*** Opening of Exercise input ***

(* Let $m,n\ge1$, $a\in(0,\infty)^m$, $b\in(0,\infty)^n$, and let $\Omega$ be a real $m\times n$ matrix. The operators $T_1,T_2$ map the interior of $\tilde{\mathcal A}$ into the interior of $\tilde{\mathcal A}$. Moreover, for $(A,B)$ in the interior of $\tilde{\mathcal A}$, letting $\tilde{\mathcal A}_{(-,B)}=\{(A',B)\in\tilde{\mathcal A}\}$ and $\tilde{\mathcal A}_{(A,-)}=\{(A,B')\in\tilde{\mathcal A}\}$: (1) $T_1(A,B)$ is the unique point of $\tilde{\mathcal A}_{(-,B)}$ attaining $\sup_{(A',B)\in\tilde{\mathcal A}_{(-,B)}}F(A',B)$; (2) $T_2(A,B)$ is the unique point of $\tilde{\mathcal A}_{(A,-)}$ attaining $\sup_{(A,B')\in\tilde{\mathcal A}_{(A,-)}}F(A,B')$.
   Context: $\mathcal A$ is the set of pairs $(A,B)$ of $(m+1)\times(n+1)$ real matrices (indices $i=0,\dots,m$, $j=0,\dots,n$) with: $A_{ij},B_{ij}\ge0$; $a_i=\sum_{j=0}^nA_{ij}$ for $i=1,\dots,m$; $A_{0j}=0$ for all $j$; $b_j=\sum_{i=0}^mB_{ij}$ for $j=1,\dots,n$; $B_{i0}=0$ for all $i$. $F(A,B)=\sum_{i=1}^m\sum_{j=1}^n\sqrt{A_{ij}B_{ij}}\,\Omega_{ij}$. $\tilde{\mathcal A}\subset\mathcal A$ consists of those $(A,B)$ with: (1) $A_{ij}=B_{ij}=0$ whenever $i,j\ge1$ and $\Omega_{ij}\le0$; (2) for $j\ge1$, $B_{0j}=0$ if there is $i\ge1$ with $\Omega_{ij}>0$; (3) for $i\ge1$, $A_{i0}=0$ if there is $j\ge1$ with $\Omega_{ij}>0$. $T_1(A,B)=(E,B)$ where $E_{ij}=A_{ij}$ if $i=0$ or $j=0$, and otherwise $E_{ij}=a_iB_{ij}\Omega_{ij}^2/\sum_{k=1}^nB_{ik}\Omega_{ik}^2$ if this denominator is positive and $0$ otherwise. $T_2(A,B)=(A,E)$ where $E_{ij}=B_{ij}$ if $i=0$ or $j=0$, and otherwise $E_{ij}=b_jA_{ij}\Omega_{ij}^2/\sum_{k=1}^mA_{kj}\Omega_{kj}^2$ if this denominator is positive and $0$ otherwise. "Interior" refers to the interior of the convex set $\tilde{\mathcal A}$ relative to the affine space it spans. *)

theory Defs
  imports "HOL-Analysis.Analysis"
begin

text \<open>Index conventions: rows of the (m+1)x(n+1) matrices are indexed by the type
  'm option, where None plays the role of index 0 and Some i the indices 1..m
  (with m = CARD('m) \<ge> 1); similarly columns by 'n option.\<close>

type_synonym ('m, 'n) mat = "real ^ ('n option) ^ ('m option)"

definition AA :: "real ^ 'm \<Rightarrow> real ^ 'n \<Rightarrow> (('m::finite, 'n::finite) mat \<times> ('m, 'n) mat) set" where
  "AA a b = {(A, B).
      (\<forall>i j. A $ i $ j \<ge> 0 \<and> B $ i $ j \<ge> 0) \<and>
      (\<forall>i. a $ i = (\<Sum>j\<in>UNIV. A $ Some i $ j)) \<and>
      (\<forall>j. A $ None $ j = 0) \<and>
      (\<forall>j. b $ j = (\<Sum>i\<in>UNIV. B $ i $ Some j)) \<and>
      (\<forall>i. B $ i $ None = 0)}"

definition F :: "real ^ 'n ^ 'm \<Rightarrow> ('m::finite, 'n::finite) mat \<times> ('m, 'n) mat \<Rightarrow> real" where
  "F \<Omega> AB = (\<Sum>i\<in>UNIV. \<Sum>j\<in>UNIV.
      sqrt (fst AB $ Some i $ Some j * snd AB $ Some i $ Some j) * \<Omega> $ i $ j)"

definition AAt :: "real ^ 'm \<Rightarrow> real ^ 'n \<Rightarrow> real ^ 'n ^ 'm
    \<Rightarrow> (('m::finite, 'n::finite) mat \<times> ('m, 'n) mat) set" where
  "AAt a b \<Omega> = {(A, B) \<in> AA a b.
      (\<forall>i j. \<Omega> $ i $ j \<le> 0 \<longrightarrow> A $ Some i $ Some j = 0 \<and> B $ Some i $ Some j = 0) \<and>
      (\<forall>j. (\<exists>i. \<Omega> $ i $ j > 0) \<longrightarrow> B $ None $ Some j = 0) \<and>
      (\<forall>i. (\<exists>j. \<Omega> $ i $ j > 0) \<longrightarrow> A $ Some i $ None = 0)}"
(* For $\nu>0$ define $f_\nu(x)=(1-x^2)^\nu$ for $|x|<1$ and $f_\nu(x)=0$ otherwise; for $X>0$ define $$g_{\nu,X}(x)=\frac{\Gamma(\frac32+2\nu)}{\sqrt\pi\,\Gamma(1+2\nu)}\int_{\mathbb{R}}f_\nu(y)f_\nu\!\left(\frac{2x}{X}-y\right)dy\quad(x\ge0),$$ and $h_{\nu,X}(t)=2\int_0^\infty g_{\nu,X}(x)\cos(tx)\,dx$. Then $g_{\nu,X}(0)=1$, $g_{\nu,X}$ is supported on $[0,X]$, $h_{\nu,X}$ is non-negative, and for any fixed $\varepsilon>0$, $$h_{\nu,X}(t)\ll_\varepsilon\nu^{-1/2}e^{-2\nu}X\left|\frac{4\nu}{Xt}\right|^{2\nu+2}$$ uniformly for $\left|\frac{Xt}{4}\right|\ge\nu\ge\varepsilon$. *)

theory Defs
  imports "HOL-Analysis.Analysis"
begin

definition f_nu :: "real \<Rightarrow> real \<Rightarrow> real" where
  "f_nu \<nu> x = (if \<bar>x\<bar> < 1 then (1 - x\<^sup>2) powr \<nu> else 0)"

text \<open>g is only used for x >= 0 (the formula is evaluated for all real x).\<close>
definition g_nu :: "real \<Rightarrow> real \<Rightarrow> real \<Rightarrow> real" where
  "g_nu \<nu> X x = Gamma (3/2 + 2*\<nu>) / (sqrt pi * Gamma (1 + 2*\<nu>)) *
     (LINT y|lborel. f_nu \<nu> y * f_nu \<nu> (2*x/X - y))"

definition h_nu :: "real \<Rightarrow> real \<Rightarrow> real \<Rightarrow> real" where
  "h_nu \<nu> X t = 2 * (LBINT x:{0..}. g_nu \<nu> X x * cos (t*x))"

end

theory Submission
  imports Defs "HOL-Complex_Analysis.Complex_Analysis"
begin

text \<open>Up to a constant \<open>c\<close>, \<open>g_nu \<nu> X\<close> is the self-convolution of \<open>f = f_nu \<nu>\<close>, rescaled so that
  its support \<open>[-2, 2]\<close> becomes \<open>[-X, X]\<close>. At the origin it is the Beta integral
  \<open>\<integral> (1 - y^2) powr (2\<nu>) dy = B(1/2, 2\<nu> + 1)\<close> over \<open>[-1, 1]\<close>, of which \<open>c\<close> is the
  reciprocal, and by the convolution theorem \<open>h_nu \<nu> X t = c (X/2) F(t X/2)^2\<close> with \<open>F\<close> the
  Fourier transform of \<open>f\<close>; in particular \<open>h_nu\<close> is non-negative.

  For the decay, \<open>(1 - z^2) powr \<nu> * exp (i k z)\<close> is holomorphic on the upper half disc, so by
  Cauchy's theorem \<open>\<bar>F k\<bar>\<close> is at most the integral of \<open>(2 sin \<theta>) powr \<nu> * exp (- k sin \<theta>)\<close> over
  \<open>[0, \<pi>]\<close>. For \<open>k \<ge> 2\<nu>\<close> this integrand peaks where \<open>sin \<theta> = m = \<nu>/k\<close>, with height
  \<open>(2m) powr \<nu> * exp (-\<nu>)\<close>, and decays exponentially on the scale \<open>m / sqrt \<nu>\<close> around the
  peak (Laplace's method), so \<open>\<bar>F k\<bar> = O((2m) powr \<nu> * exp (-\<nu>) * m / sqrt \<nu>)\<close> for \<open>\<nu> \<ge> \<epsilon>\<close>.
  Squaring and using \<open>c = O(sqrt \<nu>)\<close> gives the bound, as \<open>2m = \<bar>4\<nu>/(X t)\<bar>\<close> for \<open>k = t X/2\<close>.\<close>

lemma integrable_indicator_Icc: "integrable lborel (indicator {a..b::real} :: real \<Rightarrow> real)"
  by (simp add: integrable_indicator_iff emeasure_lborel_Icc_eq)

lemma lborel_integral_reflect:
  fixes f :: "real \<Rightarrow> real"
  shows "(LBINT x. f (- x)) = (LBINT x. f x)"
  using lborel_integral_real_affine[of "-1" f 0] by simp

lemma lborel_integral_odd:
  fixes f :: "real \<Rightarrow> real"
  assumes "\<And>x. f (- x) = - f x"
  shows "(LBINT x. f x) = 0"
  using lborel_integral_reflect[of f] by (simp add: assms)

lemma set_integral_atLeast_0_even:
  fixes q :: "real \<Rightarrow> real"
  assumes q: "integrable lborel q" and even: "\<And>x. q (- x) = q x"
  shows "(LBINT x:{0..}. q x) = (LBINT x. q x) / 2"
proof -
  have int: "integrable lborel (\<lambda>x. indicator S x * q x)" if "S \<in> sets borel" for S
    using integrable_mult_indicator[of S lborel q] that q by simp
  have "(LBINT x. q x) = (LBINT x. indicator {0..} x * q x + indicator {..<0} x * q x)"
    by (intro Bochner_Integration.integral_cong) (auto simp: indicator_def)
  also have "\<dots> = (LBINT x. indicator {0..} x * q x) + (LBINT x. indicator {..<0} (- x) * q (- x))"
    using int by (simp add: lborel_integral_reflect[of "\<lambda>x. indicator {..<0} x * q x"])
  also have "(LBINT x. indicator {..<0} (- x) * q (- x)) = (LBINT x. indicator {0<..} x * q x)"
    by (simp add: even indicator_def)
  also have "\<dots> = (LBINT x. indicator {0..} x * q x)"
    using AE_lborel_singleton[of 0]
    by (intro integral_cong_AE borel_measurable_integrable int) (auto simp: indicator_def)
  finally show ?thesis by (simp add: set_lebesgue_integral_def)
qed

lemma f_nu_nonneg: "0 \<le> f_nu \<nu> x"
  by (simp add: f_nu_def)

lemma f_nu_eq_0: "1 \<le> \<bar>x\<bar> \<Longrightarrow> f_nu \<nu> x = 0"
  by (simp add: f_nu_def)

lemma f_nu_minus [simp]: "f_nu \<nu> (- x) = f_nu \<nu> x"
  by (simp add: f_nu_def)

lemma f_nu_measurable [measurable]: "f_nu \<nu> \<in> borel_measurable borel"
  unfolding f_nu_def by measurable

lemma f_nu_eq_indicator:
  assumes "\<nu> > 0"
  shows "f_nu \<nu> x = indicator {-1..1} x * (1 - x\<^sup>2) powr \<nu>"
proof (cases "\<bar>x\<bar> = 1")
  case True
  then show ?thesis by (simp add: f_nu_def abs_square_eq_1)
qed (auto simp: f_nu_def indicator_def abs_le_iff abs_less_iff)

lemma f_nu_le_1:
  assumes "\<nu> > 0"
  shows "f_nu \<nu> x \<le> 1"
proof (cases "\<bar>x\<bar> < 1")
  case True
  then have "0 \<le> 1 - x\<^sup>2" "1 - x\<^sup>2 \<le> 1" by (auto simp: abs_square_less_1 less_imp_le)
  then show ?thesis using True assms by (simp add: f_nu_def powr_le1)
qed (simp add: f_nu_def)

*** Close of Exercise input ***

Each line carrying the string "Gamma" should be copied out from the entries.

Your solution:
(* For $\nu>0$ define $f_\nu(x)=(1-x^2)^\nu$ for $|x|<1$ and $f_\nu(x)=0$ otherwise; for $X>0$ define $$g_{\nu,X}(x)=\frac{\Gamma(\frac32+2\nu)}{\sqrt\pi\,\Gamma(1+2\nu)}\int_{\mathbb{R}}f_\nu(y)f_\nu\!\left(\frac{2x}{X}-y\right)dy\quad(x\ge0),$$ and $h_{\nu,X}(t)=2\int_0^\infty g_{\nu,X}(x)\cos(tx)\,dx$. Then $g_{\nu,X}(0)=1$, $g_{\nu,X}$ is supported on $[0,X]$, $h_{\nu,X}$ is non-negative, and for any fixed $\varepsilon>0$, $$h_{\nu,X}(t)\ll_\varepsilon\nu^{-1/2}e^{-2\nu}X\left|\frac{4\nu}{Xt}\right|^{2\nu+2}$$ uniformly for $\left|\frac{Xt}{4}\right|\ge\nu\ge\varepsilon$. *)
  "g_nu \<nu> X x = Gamma (3/2 + 2*\<nu>) / (sqrt pi * Gamma (1 + 2*\<nu>)) *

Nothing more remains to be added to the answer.